══ RECORDS PROVIDED ══

text \<open>The remainder of \<open>Q\<close> modulo \<open>\<chi>\<close> is linear and has the non-real root \<open>\<zeta>\<close>, so it vanishes.\<close>

lemma quadratic_dvd_of_nonreal_root:
  fixes \<chi> Q :: "rat poly" and \<zeta> :: complex
  assumes "degree \<chi> = 2" and "Im \<zeta> \<noteq> 0"
    and "poly (map_poly of_rat \<chi>) \<zeta> = 0" and "poly (map_poly of_rat Q) \<zeta> = 0"
  shows "\<chi> dvd Q"
proof -
  define r where "r = Q mod \<chi>"
  have "\<chi> \<noteq> 0"
    using assms(1) by auto
  then have "degree r < 2"
    using assms(1) degree_mod_less[of \<chi> Q] by (cases "r = 0") (auto simp: r_def)
  then have r: "r = [:coeff r 0, coeff r 1:]"
    by (simp add: poly_eq_iff coeff_pCons coeff_eq_0 split: nat.splits)
  have "Q = Q div \<chi> * \<chi> + r"
    by (simp add: r_def)
  then have "poly (map_poly of_rat r) \<zeta> = 0"
    using assms(3,4) by (metis add_0 map_poly_of_rat_add map_poly_of_rat_mult mult_zero_right poly_add
      poly_mult)
  then have "of_rat (coeff r 0) + of_rat (coeff r 1) * \<zeta> = 0"
    by (subst (asm) r) (simp add: map_poly_pCons mult.commute)
  then have "coeff r 1 = 0" and "coeff r 0 = 0"
    using assms(2) by (auto simp: complex_eq_iff complex_of_rat_eq_of_real)
  then show ?thesis
    using r by (simp add: r_def mod_0_imp_dvd)
qed

definition Econj :: "rat \<times> rat \<Rightarrow> rat \<times> rat" where
  "Econj z = (fst z, - snd z)"

definition Etr :: "rat \<times> rat \<Rightarrow> rat" where
  "Etr z = 2 * fst z"

definition Enorm :: "int \<Rightarrow> rat \<times> rat \<Rightarrow> rat" where
  "Enorm d z = fst z ^ 2 - of_int d * snd z ^ 2"

lemma Emul_self_eq: "Emul d z z = Eadd (Escale (Etr z) z) (- Enorm d z, 0)"
  by (simp add: Emul_def Eadd_def Escale_def Etr_def Enorm_def power2_eq_square algebra_simps)

lemma Emul_Econj: "Emul d z (Econj z) = (Enorm d z, 0)"
  by (simp add: Emul_def Econj_def Enorm_def power2_eq_square)

lemma Emul_rat_left: "Emul d (c, 0) z = Escale c z"
  by (simp add: Emul_def Escale_def)

lemma Econj_Eadd: "Econj (Eadd z w) = Eadd (Econj z) (Econj w)"
  by (simp add: Econj_def Eadd_def)

lemma Econj_Escale: "Econj (Escale c z) = Escale c (Econj z)"
  by (simp add: Econj_def Escale_def)

lemma Econj_rat [simp]: "Econj (c, 0) = (c, 0)"
  by (simp add: Econj_def)

lemma Econj_Econj [simp]: "Econj (Econj z) = z"
  by (simp add: Econj_def)

definition Ecomplex :: "int \<Rightarrow> rat \<times> rat \<Rightarrow> complex" where
  "Ecomplex d z = Complex (of_rat (fst z)) (of_rat (snd z) * sqrt (of_int (- d)))"

lemma Ecomplex_rat [simp]: "Ecomplex d (c, 0) = of_rat c"
  by (simp add: Ecomplex_def complex_eq_iff complex_of_rat_eq_of_real)

lemma Ecomplex_Eone [simp]: "Ecomplex d Eone = 1"
  by (simp add: Eone_def)

lemma Ecomplex_Eadd: "Ecomplex d (Eadd z w) = Ecomplex d z + Ecomplex d w"
  by (simp add: Ecomplex_def Eadd_def of_rat_add distrib_right complex_eq_iff)

lemma Ecomplex_Escale: "Ecomplex d (Escale c z) = of_rat c * Ecomplex d z"
  by (simp add: Ecomplex_def Escale_def of_rat_mult complex_eq_iff complex_of_rat_eq_of_real)

lemma Ecomplex_Emul:
  assumes "d \<le> 0"
  shows "Ecomplex d (Emul d z w) = Ecomplex d z * Ecomplex d w"
proof -
  have "real_of_int d = - (sqrt (of_int (- d)) ^ 2)"
    using assms by simp
  then show ?thesis
    by (simp add: Ecomplex_def Emul_def of_rat_add of_rat_mult complex_eq_iff power2_eq_square
      algebra_simps)
qed

lemma Ecomplex_Epow: "d \<le> 0 \<Longrightarrow> Ecomplex d (Epow d z n) = Ecomplex d z ^ n"
  by (induction n) (simp_all add: Ecomplex_Emul)

lemma Ecomplex_Econj: "Ecomplex d (Econj z) = cnj (Ecomplex d z)"
  by (simp add: Ecomplex_def Econj_def complex_eq_iff of_rat_minus)

lemma Ecomplex_inj:
  assumes "d < 0" and "Ecomplex d z = Ecomplex d w"
  shows "z = w"
  using assms by (auto simp: Ecomplex_def complex_eq_iff prod_eq_iff)

lemma Ecomplex_Etr: "Ecomplex d z + cnj (Ecomplex d z) = of_rat (Etr z)"
  by (simp add: Ecomplex_def Etr_def complex_eq_iff complex_of_rat_eq_of_real of_rat_mult)

lemma Ecomplex_Enorm:
  assumes "d \<le> 0"
  shows "Ecomplex d z * cnj (Ecomplex d z) = of_rat (Enorm d z)"
proof -
  have "sqrt (of_int (- d)) * sqrt (of_int (- d)) = - real_of_int d"
    using assms by simp
  then show ?thesis
    by (simp add: Ecomplex_def Enorm_def complex_eq_iff of_rat_diff of_rat_mult power2_eq_square
      complex_of_rat_eq_of_real algebra_simps)
qed

lemma Ecomplex_char_poly_root:
  assumes "d \<le> 0"
  shows "poly (map_poly of_rat [:Enorm d z, - Etr z, 1:]) (Ecomplex d z) = 0"
proof -
  define \<zeta> where "\<zeta> = Ecomplex d z"
  have t: "of_rat (Etr z) = \<zeta> + cnj \<zeta>" and n: "of_rat (Enorm d z) = \<zeta> * cnj \<zeta>"
    using assms by (simp_all add: \<zeta>_def Ecomplex_Etr Ecomplex_Enorm)
  have "poly (map_poly of_rat [:Enorm d z, - Etr z, 1:]) \<zeta>
      = of_rat (Enorm d z) + \<zeta> * (\<zeta> - of_rat (Etr z))"
    by (simp add: map_poly_pCons of_rat_minus)
  also have "\<dots> = 0"
    unfolding t n by (simp add: algebra_simps)
  finally show ?thesis
    by (simp add: \<zeta>_def)
qed

lemma char_poly_root_cases:
  assumes "d < 0" and "Emul d v v = Eadd (Escale (Etr z) v) (- Enorm d z, 0)"
  shows "v = z \<or> v = Econj z"
proof -
  define \<zeta> where "\<zeta> = Ecomplex d z"
  define x where "x = Ecomplex d v"
  have "x * x = of_rat (Etr z) * x - of_rat (Enorm d z)"
    using arg_cong[OF assms(2), of "Ecomplex d"] assms(1)
    by (simp add: x_def Ecomplex_Emul Ecomplex_Eadd Ecomplex_Escale of_rat_minus)
  also have "\<dots> = (\<zeta> + cnj \<zeta>) * x - \<zeta> * cnj \<zeta>"
    using assms(1) by (simp add: \<zeta>_def Ecomplex_Etr Ecomplex_Enorm)
  finally have "(x - \<zeta>) * (x - cnj \<zeta>) = 0"
    by (simp add: algebra_simps)
  then have "Ecomplex d v = Ecomplex d z \<or> Ecomplex d v = Ecomplex d (Econj z)"
    by (simp add: x_def \<zeta>_def Ecomplex_Econj)
  then show ?thesis
    using Ecomplex_inj[OF assms(1)] by blast
qed

section \<open>The ring of integers\<close>

lemma Ecomplex_monic_sum:
  assumes "d \<le> 0"
  shows "Ecomplex d (foldr Eadd (map (\<lambda>i. Escale (of_int (c i)) (Epow d z i)) [0..<n]) (Epow d z n))
    = (\<Sum>i<n. of_int (c i) * Ecomplex d z ^ i) + Ecomplex d z ^ n"
proof -
  have foldr: "Ecomplex d (foldr Eadd (map F xs) w) = (\<Sum>x\<leftarrow>xs. Ecomplex d (F x)) + Ecomplex d w"
    for F xs w by (induction xs) (simp_all add: Ecomplex_Eadd)
  show ?thesis
    using assms by (simp add: foldr Ecomplex_Escale Ecomplex_Epow sum_list_distinct_conv_sum_set
      atLeast0LessThan)
qed

lemma ring_of_integers_iff_algebraic_int:
  assumes "d < 0"
  shows "z \<in> ring_of_integers d \<longleftrightarrow> algebraic_int (Ecomplex d z)"
proof
  assume "z \<in> ring_of_integers d"
  then obtain n c where
    root: "foldr Eadd (map (\<lambda>i. Escale (of_int (c i)) (Epow d z i)) [0..<n]) (Epow d z n) = (0, 0)"
    unfolding ring_of_integers_def by blast
  obtain P where P: "lead_coeff P = 1" "degree P = n" "\<And>i. i < n \<Longrightarrow> coeff P i = c i"
    using monic_poly_with_coeffs[of n c] by blast
  have "poly (map_poly of_int P) (Ecomplex d z)
      = (\<Sum>i<n. of_int (c i) * Ecomplex d z ^ i) + Ecomplex d z ^ n"
    using P by (simp add: poly_map_poly_of_int_monic)
  also have "\<dots> = Ecomplex d (0, 0)"
    using assms by (simp flip: root add: Ecomplex_monic_sum)
  also have "\<dots> = 0"
    by simp
  finally show "algebraic_int (Ecomplex d z)"
    unfolding algebraic_int_altdef_ipoly using P(1) by blast
next
  assume "algebraic_int (Ecomplex d z)"
  then obtain P where root: "poly (map_poly of_int P) (Ecomplex d z) = 0" and P: "lead_coeff P = 1"
    unfolding algebraic_int_altdef_ipoly by blast
  have "degree P > 0"
    using root P by (cases "degree P") (simp_all add: poly_map_poly_of_int_monic)
  moreover have "Ecomplex d (foldr Eadd (map (\<lambda>i. Escale (of_int (coeff P i)) (Epow d z i))
      [0..<degree P]) (Epow d z (degree P))) = Ecomplex d (0, 0)"
    using assms root by (simp add: Ecomplex_monic_sum poly_map_poly_of_int_monic P)
  ultimately show "z \<in> ring_of_integers d"
    unfolding ring_of_integers_def using Ecomplex_inj[OF assms] by blast
qed

lemma algebraic_int_Ecomplex_iff:
  assumes "d < 0"
  shows "algebraic_int (Ecomplex d z) \<longleftrightarrow> Etr z \<in> \<int> \<and> Enorm d z \<in> \<int>"
proof
  assume "Etr z \<in> \<int> \<and> Enorm d z \<in> \<int>"
  then have "\<forall>i. coeff (map_poly of_rat [:Enorm d z, - Etr z, 1:]) i \<in> (\<int> :: complex set)"
    by (auto simp: coeff_pCons of_rat_minus map_poly_pCons split: nat.splits elim!: Ints_cases)
  then show "algebraic_int (Ecomplex d z)"
    using Ecomplex_char_poly_root[of d z] assms
    by (intro algebraic_int.intros[of "map_poly of_rat [:Enorm d z, - Etr z, 1:]"])
      (simp_all add: map_poly_pCons)
next
  assume int: "algebraic_int (Ecomplex d z)"
  show "Etr z \<in> \<int> \<and> Enorm d z \<in> \<int>"
  proof (cases "snd z = 0")
    case True
    then have "fst z \<in> \<int>"
      using int algebraic_int_of_rat_imp_Ints by (metis Ecomplex_rat prod.collapse)
    then show ?thesis
      using True by (simp add: Etr_def Enorm_def)
  next
    case False
    define \<chi> where "\<chi> = [:Enorm d z, - Etr z, 1:]"
    obtain P where P: "lead_coeff P = 1" and root: "poly (map_poly of_int P) (Ecomplex d z) = 0"
      using int unfolding algebraic_int_altdef_ipoly by blast
    have "map_poly of_rat (map_poly of_int P) = (map_poly of_int P :: complex poly)"
      by (simp add: map_poly_map_poly comp_def)
    then have "\<chi> dvd map_poly of_int P"
      using False assms root Ecomplex_char_poly_root[of d z]
      by (intro quadratic_dvd_of_nonreal_root[where \<zeta> = "Ecomplex d z"])
        (simp_all add: \<chi>_def Ecomplex_def)
    then obtain g where "map_poly of_int P = \<chi> * g"
      by (elim dvdE)
    then have "coeff \<chi> i \<in> \<int>" for i
      using P by (intro monic_factor_of_monic_int_poly) (simp_all add: \<chi>_def)
    from this[of 0] this[of 1] show ?thesis
      by (simp add: \<chi>_def)
  qed
qed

═══

*PROBLEM STATEMENT*
Would you filter the records and copy out each line containing "lambda"?

*ANSWER SECTION*
  shows "Ecomplex d (foldr Eadd (map (\<lambda>i. Escale (of_int (c i)) (Epow d z i)) [0..<n]) (Epow d z n))
    root: "foldr Eadd (map (\<lambda>i. Escale (of_int (c i)) (Epow d z i)) [0..<n]) (Epow d z n) = (0, 0)"
  moreover have "Ecomplex d (foldr Eadd (map (\<lambda>i. Escale (of_int (coeff P i)) (Epow d z i))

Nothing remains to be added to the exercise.